Tagging Marcus Wieder (@wiederm) who helped prepare this Issue with me, and John Chodera (@jchodera) who may be interested in following this thread.

1. Existence and favorability of unphysical local minima on methane example

1.1. Bond-length scan from a tetrahedral geometry

We started by inspecting the methane example

import torchani
import torch

device = torch.device('cpu')
model = torchani.models.ANI1ccx()
species = model.species_to_tensor('CHHHH').to(device).unsqueeze(0)

If we take an ideal tetrahedral geometry and scale all the C-H bond lengths, we obtain the following energy profile:

methane_tetrahedral_scan

The minimum-energy tetrahedral geometry of methane along this scan is approximately:

array([[ 0.        ,  0.        ,  0.        ],
       [ 0.63918859,  0.63918859,  0.63918859],
       [-0.63918859, -0.63918859,  0.63918859],
       [-0.63918859,  0.63918859, -0.63918859],
       [ 0.63918859, -0.63918859, -0.63918859]])

tetrahedron

with a C-H bond length of 1.107 angstroms, and an energy of -106266.1875 kJ/mol.

1.2. Accessibility of unphysical local minima in room-temperature MD

We ran 50 picoseconds of constant-temperature MD at 300K starting from the tetrahedral geometry obtained above.

(Code: https://gist.github.com/maxentile/ac04d1fab8dd4aa217fe224190d06765)

The simulation quickly finds many geometries with lower apparent energy than the starting tetrahedral geometry.

methane_energy_trace

The simulation does not retain a tetrahedral geometry.

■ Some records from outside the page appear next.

(* For every $d<\omega$, the graph $G_d=((2^2)^d,E_d)$, where $E_d=\{\{\sigma,\tau\}\subseteq(2^2)^d:\sigma\neq\tau \text{ and } \{\sigma,\tau\}\text{ is an up-}1\text{-comb}\}$, is a cograph.
   Context: $2^2=\{0,1\}^2$; $(2^2)^d$ is the set of sequences of length $d$ with entries in $2^2$, $(2^2)^{<d}$ those of length $<d$, $\tau^\frown a$ concatenation. For $A,B\subseteq(2^2)^d$, $A$ is narrowly below $B$ if there are $\tau\in(2^2)^{<d}$, $i<2$ with every element of $A$ extending $\tau^\frown(i,0)$ and every element of $B$ extending $\tau^\frown(i,1)$. The up-$1$-combs form the smallest class of finite subsets of $(2^2)^d$ containing singletons and containing $A\cup B$ whenever $A,B$ are in it, $|A|\le1$ and $A$ is narrowly below $B$. For graphs $G_0=(V_0,E_0)$, $G_1=(V_1,E_1)$ on disjoint vertex sets, the coproduct is $(V_0\cup V_1,E_0\cup E_1)$ and the graph join is $(V_0\cup V_1,E_0\cup E_1\cup\{\{a,b\}:a\in V_0,b\in V_1\})$. Cographs form the smallest class of graphs containing the one-vertex graph and closed (up to isomorphism) under coproducts and graph joins. *)

theory Defs
  imports Main "HOL-Library.Sublist"
begin

text \<open>Elements of 2^2 are pairs of booleans (False = 0, True = 1);
  elements of (2^2)^d are lists of length d.\<close>

type_synonym seq = "(bool \<times> bool) list"

definition seqs :: "nat \<Rightarrow> seq set" where
  "seqs d = {s. length s = d}"

definition narrowly_below :: "nat \<Rightarrow> seq set \<Rightarrow> seq set \<Rightarrow> bool" where
  "narrowly_below d A B \<longleftrightarrow>
     (\<exists>\<tau> i. length \<tau> < d \<and>
        (\<forall>\<sigma>\<in>A. prefix (\<tau> @ [(i, False)]) \<sigma>) \<and>
        (\<forall>\<sigma>\<in>B. prefix (\<tau> @ [(i, True)]) \<sigma>))"

inductive_set up1comb :: "nat \<Rightarrow> seq set set" for d where
  single: "length \<sigma> = d \<Longrightarrow> {\<sigma>} \<in> up1comb d"
| union: "A \<in> up1comb d \<Longrightarrow> B \<in> up1comb d \<Longrightarrow> card A \<le> 1 \<Longrightarrow>
          narrowly_below d A B \<Longrightarrow> A \<union> B \<in> up1comb d"

type_synonym 'a graph = "'a set \<times> 'a set set"

inductive cograph :: "'a graph \<Rightarrow> bool" where
  vertex: "cograph ({v}, {})"
| coproduct: "cograph (V0, E0) \<Longrightarrow> cograph (V1, E1) \<Longrightarrow> V0 \<inter> V1 = {} \<Longrightarrow>
              cograph (V0 \<union> V1, E0 \<union> E1)"
| join: "cograph (V0, E0) \<Longrightarrow> cograph (V1, E1) \<Longrightarrow> V0 \<inter> V1 = {} \<Longrightarrow>
         cograph (V0 \<union> V1, E0 \<union> E1 \<union> {{a, b} | a b. a \<in> V0 \<and> b \<in> V1})"
| iso: "cograph (V, E) \<Longrightarrow> bij_betw f V V' \<Longrightarrow> E' = (\<lambda>e. f ` e) ` E \<Longrightarrow>
        cograph (V', E')"

definition comb_graph :: "nat \<Rightarrow> seq graph" where
  "comb_graph d = (seqs d,
     {{\<sigma>, \<tau>} | \<sigma> \<tau>. \<sigma> \<in> seqs d \<and> \<tau> \<in> seqs d \<and> \<sigma> \<noteq> \<tau> \<and> {\<sigma>, \<tau>} \<in> up1comb d})"

end

theory Submission
  imports Defs
begin

(* Two distinct sequences of length d form an up-1-comb exactly when one is narrowly below the
   other, i.e. when at their first difference the two letters agree in the first bit and differ in
   the second. Splitting (2^2)^(d+1) by the first letter (i, b), there are therefore no edges
   between blocks with different i, all edges between the blocks (i, 0) and (i, 1), and a copy of
   G_d inside each block: G_(d+1) is the coproduct over i of the join over b of copies of G_d, and
   induction on d finishes the proof. *)

fun comb_adj :: "seq \<Rightarrow> seq \<Rightarrow> bool" where
  "comb_adj (c # s) (c' # t) =
     (if c = c' then comb_adj s t else fst c = fst c' \<and> snd c \<noteq> snd c')"
| "comb_adj _ _ = False"

lemma comb_adj_iff:
  "comb_adj \<sigma> \<tau> \<longleftrightarrow> (\<exists>\<rho> i b s t. \<sigma> = \<rho> @ (i, b) # s \<and> \<tau> = \<rho> @ (i, \<not> b) # t)"
proof
  show "comb_adj \<sigma> \<tau> \<Longrightarrow> \<exists>\<rho> i b s t. \<sigma> = \<rho> @ (i, b) # s \<and> \<tau> = \<rho> @ (i, \<not> b) # t"
  proof (induction \<sigma> \<tau> rule: comb_adj.induct)
    case (1 c s c' t)
    show ?case
    proof (cases "c = c'")
      case True
      with 1 obtain \<rho> i b s' t' where "s = \<rho> @ (i, b) # s'" "t = \<rho> @ (i, \<not> b) # t'"
        by auto
      with True show ?thesis by (intro exI[of _ "c # \<rho>"]) auto
    next
      case False
      with "1.prems" show ?thesis by (intro exI[of _ "[]"]) (cases c; cases c'; auto)
    qed
  qed auto
  show "\<exists>\<rho> i b s t. \<sigma> = \<rho> @ (i, b) # s \<and> \<tau> = \<rho> @ (i, \<not> b) # t \<Longrightarrow> comb_adj \<sigma> \<tau>"
  proof (elim exE conjE)
    fix \<rho> i b s t
    show "\<sigma> = \<rho> @ (i, b) # s \<Longrightarrow> \<tau> = \<rho> @ (i, \<not> b) # t \<Longrightarrow> comb_adj \<sigma> \<tau>"
      by (induction \<rho> arbitrary: \<sigma> \<tau>) auto
  qed
qed

lemma narrowly_below_singletons_iff:
  assumes "length \<sigma> = d"
  shows "narrowly_below d {\<sigma>} {\<tau>} \<longleftrightarrow>
    (\<exists>\<rho> i s t. \<sigma> = \<rho> @ (i, False) # s \<and> \<tau> = \<rho> @ (i, True) # t)"
proof
  assume "narrowly_below d {\<sigma>} {\<tau>}"
  then obtain \<rho> i where "prefix (\<rho> @ [(i, False)]) \<sigma>" "prefix (\<rho> @ [(i, True)]) \<tau>"
    unfolding narrowly_below_def by blast
  then show "\<exists>\<rho> i s t. \<sigma> = \<rho> @ (i, False) # s \<and> \<tau> = \<rho> @ (i, True) # t"
    by (auto simp: prefix_def)
next
  assume "\<exists>\<rho> i s t. \<sigma> = \<rho> @ (i, False) # s \<and> \<tau> = \<rho> @ (i, True) # t"
  with assms show "narrowly_below d {\<sigma>} {\<tau>}"
    unfolding narrowly_below_def prefix_def by force
qed

lemma comb_adj_iff_narrowly_below:
  assumes "length \<sigma> = d" "length \<tau> = d"
  shows "comb_adj \<sigma> \<tau> \<longleftrightarrow> narrowly_below d {\<sigma>} {\<tau>} \<or> narrowly_below d {\<tau>} {\<sigma>}"
  unfolding comb_adj_iff narrowly_below_singletons_iff[OF assms(1)]
    narrowly_below_singletons_iff[OF assms(2)]
  by (metis (full_types))

lemma narrowly_below_mono:
  "narrowly_below d A B \<Longrightarrow> A' \<subseteq> A \<Longrightarrow> B' \<subseteq> B \<Longrightarrow> narrowly_below d A' B'"
  unfolding narrowly_below_def by blast

lemma narrowly_below_disjoint: "narrowly_below d A B \<Longrightarrow> A \<inter> B = {}"
  unfolding narrowly_below_def prefix_def by fastforce

lemma up1comb_nonempty: "A \<in> up1comb d \<Longrightarrow> A \<noteq> {}"
  by (induction rule: up1comb.induct) auto

lemma doubleton_up1comb_iff:
  assumes "length \<sigma> = d" "length \<tau> = d"
  shows "\<sigma> \<noteq> \<tau> \<and> {\<sigma>, \<tau>} \<in> up1comb d \<longleftrightarrow>
    narrowly_below d {\<sigma>} {\<tau>} \<or> narrowly_below d {\<tau>} {\<sigma>}"
proof
  assume "\<sigma> \<noteq> \<tau> \<and> {\<sigma>, \<tau>} \<in> up1comb d"
  then have "\<sigma> \<noteq> \<tau>" "{\<sigma>, \<tau>} \<in> up1comb d" by auto
  from this(2) show "narrowly_below d {\<sigma>} {\<tau>} \<or> narrowly_below d {\<tau>} {\<sigma>}"
  proof cases
    case (single \<rho>)
    then have "\<sigma> = \<tau>" by (metis insertI1 insert_commute singletonD)
    with \<open>\<sigma> \<noteq> \<tau>\<close> show ?thesis ..
  next
    case (union A B)
    then obtain a b where ab: "a \<in> A" "b \<in> B" using up1comb_nonempty by blast
    then have "narrowly_below d {a} {b}" using narrowly_below_mono[OF union(5)] by simp
    moreover from this have "a \<noteq> b" using narrowly_below_disjoint by blast
    moreover have "a \<in> {\<sigma>, \<tau>}" "b \<in> {\<sigma>, \<tau>}" using ab union(1) by blast+
    ultimately show ?thesis by blast
  qed
next
  assume nb: "narrowly_below d {\<sigma>} {\<tau>} \<or> narrowly_below d {\<tau>} {\<sigma>}"
  have \<sigma>: "{\<sigma>} \<in> up1comb d" and \<tau>: "{\<tau>} \<in> up1comb d"
    using assms by (auto intro: up1comb.single)
  have "{\<sigma>, \<tau>} \<in> up1comb d"
    using nb up1comb.union[OF \<sigma> \<tau>] up1comb.union[OF \<tau> \<sigma>] by (auto simp: insert_commute)
  moreover have "\<sigma> \<noteq> \<tau>" using nb narrowly_below_disjoint by blast
  ultimately show "\<sigma> \<noteq> \<tau> \<and> {\<sigma>, \<tau>} \<in> up1comb d" by blast
qed

definition comb_adj_edges :: "nat \<Rightarrow> seq set set" where
  "comb_adj_edges d = {{\<sigma>, \<tau>} | \<sigma> \<tau>. \<sigma> \<in> seqs d \<and> \<tau> \<in> seqs d \<and> comb_adj \<sigma> \<tau>}"

lemma comb_adj_edgesI:
  "\<sigma> \<in> seqs d \<Longrightarrow> \<tau> \<in> seqs d \<Longrightarrow> comb_adj \<sigma> \<tau> \<Longrightarrow> {\<sigma>, \<tau>} \<in> comb_adj_edges d"
  unfolding comb_adj_edges_def by blast

lemma comb_adj_edgesE:
  assumes "e \<in> comb_adj_edges d"
  obtains \<sigma> \<tau> where "e = {\<sigma>, \<tau>}" "\<sigma> \<in> seqs d" "\<tau> \<in> seqs d" "comb_adj \<sigma> \<tau>"
  using assms unfolding comb_adj_edges_def mem_Collect_eq by (elim exE conjE) (rule that)

lemma up1comb_edge_iff_comb_adj:
  assumes "\<sigma> \<in> seqs d" "\<tau> \<in> seqs d"
  shows "\<sigma> \<noteq> \<tau> \<and> {\<sigma>, \<tau>} \<in> up1comb d \<longleftrightarrow> comb_adj \<sigma> \<tau>"
  using assms unfolding seqs_def
  by (simp add: doubleton_up1comb_iff comb_adj_iff_narrowly_below)

lemma comb_graph_eq: "comb_graph d = (seqs d, comb_adj_edges d)"
  unfolding comb_graph_def comb_adj_edges_def
  by (metis (no_types, lifting) up1comb_edge_iff_comb_adj)

lemma cograph_image:
  fixes f :: "'a \<Rightarrow> 'a"
  assumes "cograph (V, E)" "inj_on f V"
  shows "cograph (f ` V, (`) f ` E)"
  by (rule cograph.iso[OF assms(1) inj_on_imp_bij_betw[OF assms(2)]]) simp

lemma cograph_coproduct_bool:
  assumes "\<And>b. cograph (V b, E b)" "V False \<inter> V True = {}"
  shows "cograph (\<Union>b. V b, \<Union>b. E b)"
  using cograph.coproduct[OF assms(1) assms(1) assms(2)] by (simp add: UN_bool_eq Un_ac)

lemma cograph_join_bool:
  assumes "\<And>b. cograph (V b, E b)" "V False \<inter> V True = {}"
  shows "cograph (\<Union>b. V b, (\<Union>b. E b) \<union> {{x, y} | x y. x \<in> V False \<and> y \<in> V True})"
  using cograph.join[OF assms(1) assms(1) assms(2)] by (simp add: UN_bool_eq Un_ac)

lemma Cons_in_seqs_Suc [simp]: "c # s \<in> seqs (Suc d) \<longleftrightarrow> s \<in> seqs d"
  unfolding seqs_def by simp

lemma seqs_Suc: "seqs (Suc d) = (\<Union>i b. (#) (i, b) ` seqs d)"
  unfolding seqs_def by (fastforce simp: length_Suc_conv)

lemma comb_adj_edges_Suc:
  "comb_adj_edges (Suc d) =
     (\<Union>i. (\<Union>b. (`) ((#) (i, b)) ` comb_adj_edges d) \<union>
       {{x, y} | x y. x \<in> (#) (i, False) ` seqs d \<and> y \<in> (#) (i, True) ` seqs d})"
  (is "_ = (\<Union>i. ?copies i \<union> ?join i)")
proof (intro equalityI subsetI)
  fix e assume "e \<in> comb_adj_edges (Suc d)"
  then obtain \<sigma> \<tau> where e: "e = {\<sigma>, \<tau>}" "\<sigma> \<in> seqs (Suc d)" "\<tau> \<in> seqs (Suc d)"
    and adj: "comb_adj \<sigma> \<tau>"
    by (rule comb_adj_edgesE)
  then obtain i b s i' b' t where st: "\<sigma> = (i, b) # s" "\<tau> = (i', b') # t" "s \<in> seqs d" "t \<in> seqs d"
    unfolding seqs_Suc by blast
  show "e \<in> (\<Union>i. ?copies i \<union> ?join i)"
  proof (cases "(i, b) = (i', b')")
    case True
    with adj st have "{s, t} \<in> comb_adj_edges d" by (auto intro: comb_adj_edgesI)
    moreover have "e = (#) (i, b) ` {s, t}" using e st True by simp
    ultimately have "e \<in> ?copies i" by blast
    then show ?thesis by blast
  next
    case False
    with adj st have "i' = i" "b' = (\<not> b)" by auto
    with e st have "e \<in> ?join i" by (cases b) (auto simp: insert_commute)
    then show ?thesis by blast
  qed
next
  fix e assume "e \<in> (\<Union>i. ?copies i \<union> ?join i)"
  then obtain i where "e \<in> ?copies i \<or> e \<in> ?join i" by blast
  then show "e \<in> comb_adj_edges (Suc d)"
  proof
    assume "e \<in> ?copies i"
    then obtain b s t where "e = {(i, b) # s, (i, b) # t}" "s \<in> seqs d" "t \<in> seqs d" "comb_adj s t"
      by (auto elim: comb_adj_edgesE)
    then show ?thesis by (auto intro: comb_adj_edgesI)
  next
    assume "e \<in> ?join i"
    then obtain s t where "e = {(i, False) # s, (i, True) # t}" "s \<in> seqs d" "t \<in> seqs d"
      by blast
    then show ?thesis by (auto intro: comb_adj_edgesI)
  qed
qed

theorem lemma4p3:
  fixes d :: nat
  shows "cograph (comb_graph d)"
  unfolding comb_graph_eq
proof (induction d)
  case 0
  have "seqs 0 = {[]}" "comb_adj_edges 0 = {}"
    unfolding seqs_def comb_adj_edges_def by auto
  then show ?case by (simp add: cograph.vertex)
next
  case (Suc d)
  define V where "V c = (#) c ` seqs d" for c
  define E where "E c = (`) ((#) c) ` comb_adj_edges d" for c
  have copy: "cograph (V c, E c)" for c
    unfolding V_def E_def by (rule cograph_image[OF Suc.IH]) simp
  have copies_disjoint: "c \<noteq> c' \<Longrightarrow> V c \<inter> V c' = {}" for c c'
    unfolding V_def by auto
  have "cograph (\<Union>b. V (i, b), (\<Union>b. E (i, b)) \<union> {{x, y} | x y. x \<in> V (i, False) \<and> y \<in> V (i, True)})"
    for i
    using cograph_join_bool[where V = "\<lambda>b. V (i, b)" and E = "\<lambda>b. E (i, b)"]
      copy copies_disjoint
    by simp
  then have "cograph (\<Union>i b. V (i, b),
      \<Union>i. (\<Union>b. E (i, b)) \<union> {{x, y} | x y. x \<in> V (i, False) \<and> y \<in> V (i, True)})"
    by (rule cograph_coproduct_bool) (auto simp: V_def)
  then show ?case
    unfolding seqs_Suc comb_adj_edges_Suc V_def E_def .
qed

end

Instead the H-C-H angles appear to be metastable.

methane_angle_trace

Here are the histograms of H-C-H angles visited in the trajectory:

methane_angle_histogram

Also the C-H distances appear to be bistable: methane_distance_trace

1.3. ANI-1ccx predicts a non-tetrahedral geometry to have nearly 50 kJ/mol lower energy than the minimum-energy tetrahedral geometry

The lowest-energy snapshot from this trajectory includes nearly right angles, and is over 40 kJ/mol more favorable than the minimum-energy tetrahedral geometry. We further minimized its energy using gradient descent on the ANI-1ccx potential, obtaining the following:

array([[ 0.        ,  0.        ,  0.        ],
       [ 0.64702535,  0.64647233,  0.8811238 ],
       [-0.64734113, -0.6475463 ,  0.8808765 ],
       [-0.7168874 ,  0.7172707 , -0.33484012],
       [ 0.7182246 , -0.71852016, -0.33497408]])

global_minimum_structure

with two of the C-H bonds at length 1.27 angstroms and the other two C-H bonds at length 1.07 angstroms.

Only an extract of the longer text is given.